◆ THE PROBLEM
Set down exactly the lines that run from the line with "then obtain f" to the end of the data, and nothing else.
= = = = = = =
text \<open>A digraph is given by a vertex set V and an arc relation A (arcs assumed inside V).
  d(u,v) = m means: there is a directed walk of length m from u to v and none shorter.\<close>

definition is_dist :: "('a \<Rightarrow> 'a \<Rightarrow> bool) \<Rightarrow> 'a \<Rightarrow> 'a \<Rightarrow> nat \<Rightarrow> bool" where
  "is_dist A u v m \<longleftrightarrow> (A ^^ m) u v \<and> (\<forall>j<m. \<not> (A ^^ j) u v)"

definition distance_set :: "'a set \<Rightarrow> ('a \<Rightarrow> 'a \<Rightarrow> bool) \<Rightarrow> nat set \<Rightarrow> bool" where
  "distance_set V A D \<longleftrightarrow> D \<noteq> {} \<and> (\<forall>m\<in>D. \<exists>u\<in>V. \<exists>v\<in>V. is_dist A u v m)"

definition D_nbhd :: "'a set \<Rightarrow> ('a \<Rightarrow> 'a \<Rightarrow> bool) \<Rightarrow> nat set \<Rightarrow> 'a \<Rightarrow> 'a set" where
  "D_nbhd V A D v = {y \<in> V. \<exists>m\<in>D. is_dist A v y m}"

definition D_weight :: "'a set \<Rightarrow> ('a \<Rightarrow> 'a \<Rightarrow> bool) \<Rightarrow> nat set \<Rightarrow> ('a \<Rightarrow> nat) \<Rightarrow> 'a \<Rightarrow> nat" where
  "D_weight V A D f v = (\<Sum>x\<in>D_nbhd V A D v. f x)"

definition D_antimagic_labeling :: "'a set \<Rightarrow> ('a \<Rightarrow> 'a \<Rightarrow> bool) \<Rightarrow> nat set \<Rightarrow> ('a \<Rightarrow> nat) \<Rightarrow> bool" where
  "D_antimagic_labeling V A D f \<longleftrightarrow> bij_betw f V {1..card V} \<and> inj_on (D_weight V A D f) V"

definition D_antimagic :: "'a set \<Rightarrow> ('a \<Rightarrow> 'a \<Rightarrow> bool) \<Rightarrow> nat set \<Rightarrow> bool" where
  "D_antimagic V A D \<longleftrightarrow> (\<exists>f. D_antimagic_labeling V A D f)"

text \<open>Oriented cycle on vertices 0,...,n-1 (edges {i, (i+1) mod n}); the edge {i,(i+1) mod n}
  is oriented i -> (i+1) mod n if ori i, and (i+1) mod n -> i otherwise.
  Every orientation of C_n arises this way.\<close>

definition cyc_arc :: "nat \<Rightarrow> (nat \<Rightarrow> bool) \<Rightarrow> nat \<Rightarrow> nat \<Rightarrow> bool" where
  "cyc_arc n ori u v \<longleftrightarrow> u < n \<and> v < n \<and>
     ((v = Suc u mod n \<and> ori u) \<or> (u = Suc v mod n \<and> \<not> ori v))"

definition unidirectional :: "nat \<Rightarrow> 'a set \<Rightarrow> ('a \<Rightarrow> 'a \<Rightarrow> bool) \<Rightarrow> bool" where
  "unidirectional n V A \<longleftrightarrow> (\<exists>p. bij_betw p {0..<n} V \<and>
     (\<forall>u v. A u v \<longleftrightarrow> (\<exists>i<n. u = p i \<and> v = p (Suc i mod n))))"

end

(*
  In a unidirectional cycle the only vertex at distance k from p i is p (i + k), because k < n.
  So the {k}-weight of a vertex is the label of the vertex k steps ahead, and every bijective
  labelling is {k}-antimagic.

  Any other orientation has a sink s. A neighbour of s whose second arc also points towards it
  has s as its only out-neighbour; if neither neighbour of s is of this kind, then the arcs
  leaving the two neighbours of s point away from s and force a second sink on the rest of the
  cycle. Either way there are two distinct vertices from which no walk of length 2, hence none of
  length k \<ge> 2, starts; both get {k}-weight 0.
*)
theory Submission
  imports Defs "HOL-Number_Theory.Cong"
begin

lemma add_mod_cancel_left_less:
  fixes x a b n :: nat
  assumes "a < n" "b < n" "(x + a) mod n = (x + b) mod n"
  shows "a = b"
  using assms cong_add_lcancel_nat[of x a b n] by (simp add: cong_def)

lemma ex_switch_between:
  fixes a b :: nat
  assumes "P a" "\<not> P b" "a < b"
  shows "\<exists>c. a \<le> c \<and> c < b \<and> P c \<and> \<not> P (Suc c)"
  using assms
proof (induction b)
  case 0
  then show ?case by simp
next
  case (Suc b)
  show ?case
  proof (cases "P b")
    case True
    then show ?thesis using Suc.prems by (intro exI[of _ b]) auto
  next
    case False
    with Suc have "\<exists>c. a \<le> c \<and> c < b \<and> P c \<and> \<not> P (Suc c)"
      by (metis less_SucE)
    then show ?thesis by (meson less_Suc_eq)
  qed
qed

lemma relpowp_2_empty_if_successors_sinks:
  assumes "\<And>w y. A v w \<Longrightarrow> \<not> A w y"
  shows "\<not> (A ^^ 2) v y"
  using assms by (auto simp: numeral_2_eq_2 elim!: relpowp_Suc_E2)

lemma D_nbhd_empty_if_no_2_walk:
  assumes "\<And>y. \<not> (A ^^ 2) v y" "2 \<le> k"
  shows "D_nbhd V A {k} v = {}"
proof -
  have "\<not> (A ^^ k) v y" for y
  proof
    assume "(A ^^ k) v y"
    then have "(A ^^ 2 OO A ^^ (k - 2)) v y"
      using \<open>2 \<le> k\<close> by (metis le_add_diff_inverse relpowp_add)
    then show False using assms(1) by blast
  qed
  then show ?thesis by (auto simp: D_nbhd_def is_dist_def)
qed

lemma not_D_antimagic_if_empty_nbhds:
  assumes "x \<in> V" "y \<in> V" "x \<noteq> y" "D_nbhd V A D x = {}" "D_nbhd V A D y = {}"
  shows "\<not> D_antimagic V A D"
proof
  assume "D_antimagic V A D"
  then obtain f where "inj_on (D_weight V A D f) V"
    by (auto simp: D_antimagic_def D_antimagic_labeling_def)
  moreover have "D_weight V A D f x = D_weight V A D f y"
    using assms(4,5) by (simp add: D_weight_def)
  ultimately show False using assms(1-3) by (meson inj_onD)
qed

lemma unidirectional_relpowp:
  assumes p: "bij_betw p {0..<n} V"
    and A: "\<And>u v. A u v \<longleftrightarrow> (\<exists>i<n. u = p i \<and> v = p (Suc i mod n))"
    and "i < n"
  shows "(A ^^ m) (p i) y \<longleftrightarrow> y = p ((i + m) mod n)"
proof (induction m arbitrary: y)
  case 0
  then show ?case using \<open>i < n\<close> by auto
next
  case (Suc m)
  have succ: "A (p j) y \<longleftrightarrow> y = p (Suc j mod n)" if "j < n" for j y
    using that p A by (auto simp: bij_betw_def inj_on_eq_iff)
  have "(A ^^ Suc m) (p i) y \<longleftrightarrow> A (p ((i + m) mod n)) y"
    using Suc.IH by (auto simp: relpowp_Suc_right)
  also have "\<dots> \<longleftrightarrow> y = p ((i + Suc m) mod n)"
    using \<open>i < n\<close> by (simp add: succ mod_Suc_eq)
  finally show ?case .
qed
= = = = = = =
◆ EXERCISE RESPONSE
  then obtain f where "inj_on (D_weight V A D f) V"
    by (auto simp: D_antimagic_def D_antimagic_labeling_def)
  moreover have "D_weight V A D f x = D_weight V A D f y"
    using assms(4,5) by (simp add: D_weight_def)
  ultimately show False using assms(1-3) by (meson inj_onD)
qed

lemma unidirectional_relpowp:
  assumes p: "bij_betw p {0..<n} V"
    and A: "\<And>u v. A u v \<longleftrightarrow> (\<exists>i<n. u = p i \<and> v = p (Suc i mod n))"
    and "i < n"
  shows "(A ^^ m) (p i) y \<longleftrightarrow> y = p ((i + m) mod n)"
proof (induction m arbitrary: y)
  case 0
  then show ?case using \<open>i < n\<close> by auto
next
  case (Suc m)
  have succ: "A (p j) y \<longleftrightarrow> y = p (Suc j mod n)" if "j < n" for j y
    using that p A by (auto simp: bij_betw_def inj_on_eq_iff)
  have "(A ^^ Suc m) (p i) y \<longleftrightarrow> A (p ((i + m) mod n)) y"
    using Suc.IH by (auto simp: relpowp_Suc_right)
  also have "\<dots> \<longleftrightarrow> y = p ((i + Suc m) mod n)"
    using \<open>i < n\<close> by (simp add: succ mod_Suc_eq)
  finally show ?case .
qed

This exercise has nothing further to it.